Problem:
Give again the entries below exactly, beginning at the first line and ending at the line with "(Suc i) \<le>".

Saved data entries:
---
lemma Xlege_Suc_eq_INF_window:
  assumes sp: "shortest_path V E ps" and i: "i < length ps" and z: "1 \<le> \<zeta>"
  shows "Xlege E ps \<zeta> i (Suc i) = (INF i' \<in> {i - (\<zeta> - 1)..i}. Xge E ps \<zeta> i' (Suc i))"
proof (rule order.antisym)
  show "Xlege E ps \<zeta> i (Suc i) \<le> (INF i' \<in> {i - (\<zeta> - 1)..i}. Xge E ps \<zeta> i' (Suc i))"
    unfolding Xge_def Xlege_def by (intro INF_greatest INF_lower2) auto
next
  have "(INF i' \<in> {i - (\<zeta> - 1)..i}. Xge E ps \<zeta> i' (Suc i)) \<le> Xij E ps \<zeta> i' j'"
    if ij': "i' \<le> i" "Suc i \<le> j'" "j' < length ps" for i' j'
  proof (cases "i - (\<zeta> - 1) \<le> i'")
    case True
    then have "(INF i' \<in> {i - (\<zeta> - 1)..i}. Xge E ps \<zeta> i' (Suc i)) \<le> Xge E ps \<zeta> i' (Suc i)"
      using ij' by (intro INF_lower) auto
    also have "\<dots> \<le> Xij E ps \<zeta> i' j'"
      unfolding Xge_def using ij' by (intro INF_lower) auto
    finally show ?thesis .
  next
    case False
    then have "Xij E ps \<zeta> i' j' = \<infinity>"
      using ij' z by (intro Xij_eq_infinity_if_far[OF sp]) auto
    then show ?thesis
      by simp
  qed
  then show "(INF i' \<in> {i - (\<zeta> - 1)..i}. Xge E ps \<zeta> i' (Suc i)) \<le> Xlege E ps \<zeta> i (Suc i)"
    unfolding Xlege_def by (intro INF_greatest) auto
qed

text \<open>Finite values of X are at most 3n (Xge_le_if_finite), so encode_enat maps every value
  that occurs below this base.\<close>
definition msg_base :: "nat \<Rightarrow> nat" where
  "msg_base n = 3 * n + 2"

definition encode_enat :: "enat \<Rightarrow> nat" where
  "encode_enat x = (case x of enat k \<Rightarrow> Suc k | \<infinity> \<Rightarrow> 0)"

definition decode_enat :: "nat \<Rightarrow> enat" where
  "decode_enat c = (if c = 0 then \<infinity> else enat (c - 1))"

definition tag_msg :: "nat \<Rightarrow> nat \<Rightarrow> enat \<Rightarrow> nat" where
  "tag_msg n m x = m * msg_base n + encode_enat x"

definition msg_tag :: "nat \<Rightarrow> nat \<Rightarrow> nat" where
  "msg_tag n msg = msg div msg_base n"

definition msg_value :: "nat \<Rightarrow> nat \<Rightarrow> enat" where
  "msg_value n msg = decode_enat (msg mod msg_base n)"

lemma decode_encode_enat [simp]: "decode_enat (encode_enat x) = x"
  by (cases x) (simp_all add: encode_enat_def decode_enat_def)

lemma encode_enat_less_msg_base:
  "(x \<noteq> \<infinity> \<Longrightarrow> x \<le> enat (3 * n)) \<Longrightarrow> encode_enat x < msg_base n"
  by (cases x) (auto simp: encode_enat_def msg_base_def)

lemma encode_decode_enat [simp]: "encode_enat (decode_enat c) = c"
  by (simp add: encode_enat_def decode_enat_def)

lemma encode_enat_infinity_less_msg_base [simp]: "encode_enat \<infinity> < msg_base n"
  by (simp add: encode_enat_def msg_base_def)

lemma encode_enat_min_less: "encode_enat x < b \<Longrightarrow> encode_enat y < b \<Longrightarrow> encode_enat (min x y) < b"
  by (simp add: min_def)

lemma encode_msg_value_less_msg_base: "encode_enat (msg_value n msg) < msg_base n"
  by (simp add: msg_value_def msg_base_def)

lemma msg_tag_value_tag_msg:
  assumes "encode_enat x < msg_base n"
  shows "msg_tag n (tag_msg n m x) = m" "msg_value n (tag_msg n m x) = x"
  using assms by (simp_all add: tag_msg_def msg_tag_def msg_value_def)

text \<open>A vertex of P does not know the identifier of its predecessor on P, so messages are tagged
  with the sender's index on P and v_m reads the message tagged m - 1. The test 0 < m keeps v_0
  from reading a message tagged with the truncated 0 - 1 = 0.\<close>
definition pred_value :: "local_input \<Rightarrow> inbox \<Rightarrow> enat" where
  "pred_value inp I = (case lidx inp of
     Some m \<Rightarrow>
       if 0 < m \<and> (\<exists>u msg. I u = Some msg \<and> msg_tag (lnum inp) msg = m - 1)
       then msg_value (lnum inp) (SOME msg. \<exists>u. I u = Some msg \<and> msg_tag (lnum inp) msg = m - 1)
       else \<infinity>
   | None \<Rightarrow> \<infinity>)"

definition held_value :: "local_input \<Rightarrow> inbox list \<Rightarrow> enat" where
  "held_value inp H = (case lidx inp of
     Some m \<Rightarrow> min (lX inp (m + (lzeta inp - length H))) (if H = [] then \<infinity> else pred_value inp (last H))
   | None \<Rightarrow> \<infinity>)"

definition window_send :: send_fun where
  "window_send inp H u = map_option (\<lambda>m. tag_msg (lnum inp) m (held_value inp H)) (lidx inp)"

definition window_out :: "local_input \<Rightarrow> inbox list \<Rightarrow> enat" where
  "window_out inp H = held_value inp (butlast H)"

lemma path_input_lnum [simp]: "lnum (path_input V E ps \<zeta> v) = card V"
  by (simp add: path_input_def Let_def)

lemma path_input_nth:
  assumes "distinct ps" "m < length ps"
  shows "lidx (path_input V E ps \<zeta> (ps ! m)) = Some m"
    and "lzeta (path_input V E ps \<zeta> (ps ! m)) = \<zeta>"
    and "lX (path_input V E ps \<zeta> (ps ! m)) = (\<lambda>j. if m < j then Xge E ps \<zeta> m j else \<infinity>)"
proof -
  have "(THE i. i < length ps \<and> ps ! i = ps ! m) = m"
    using assms by (auto intro!: the_equality simp: nth_eq_iff_index_eq)
  then show "lidx (path_input V E ps \<zeta> (ps ! m)) = Some m"
    and "lzeta (path_input V E ps \<zeta> (ps ! m)) = \<zeta>"
    and "lX (path_input V E ps \<zeta> (ps ! m)) = (\<lambda>j. if m < j then Xge E ps \<zeta> m j else \<infinity>)"
    using assms(2) by (simp_all add: path_input_def Let_def)
qed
---
Final answer:
lemma Xlege_Suc_eq_INF_window:
  assumes sp: "shortest_path V E ps" and i: "i < length ps" and z: "1 \<le> \<zeta>"
  shows "Xlege E ps \<zeta> i (Suc i) = (INF i' \<in> {i - (\<zeta> - 1)..i}. Xge E ps \<zeta> i' (Suc i))"
proof (rule order.antisym)
  show "Xlege E ps \<zeta> i (Suc i) \<le> (INF i' \<in> {i - (\<zeta> - 1)..i}. Xge E ps \<zeta> i' (Suc i))"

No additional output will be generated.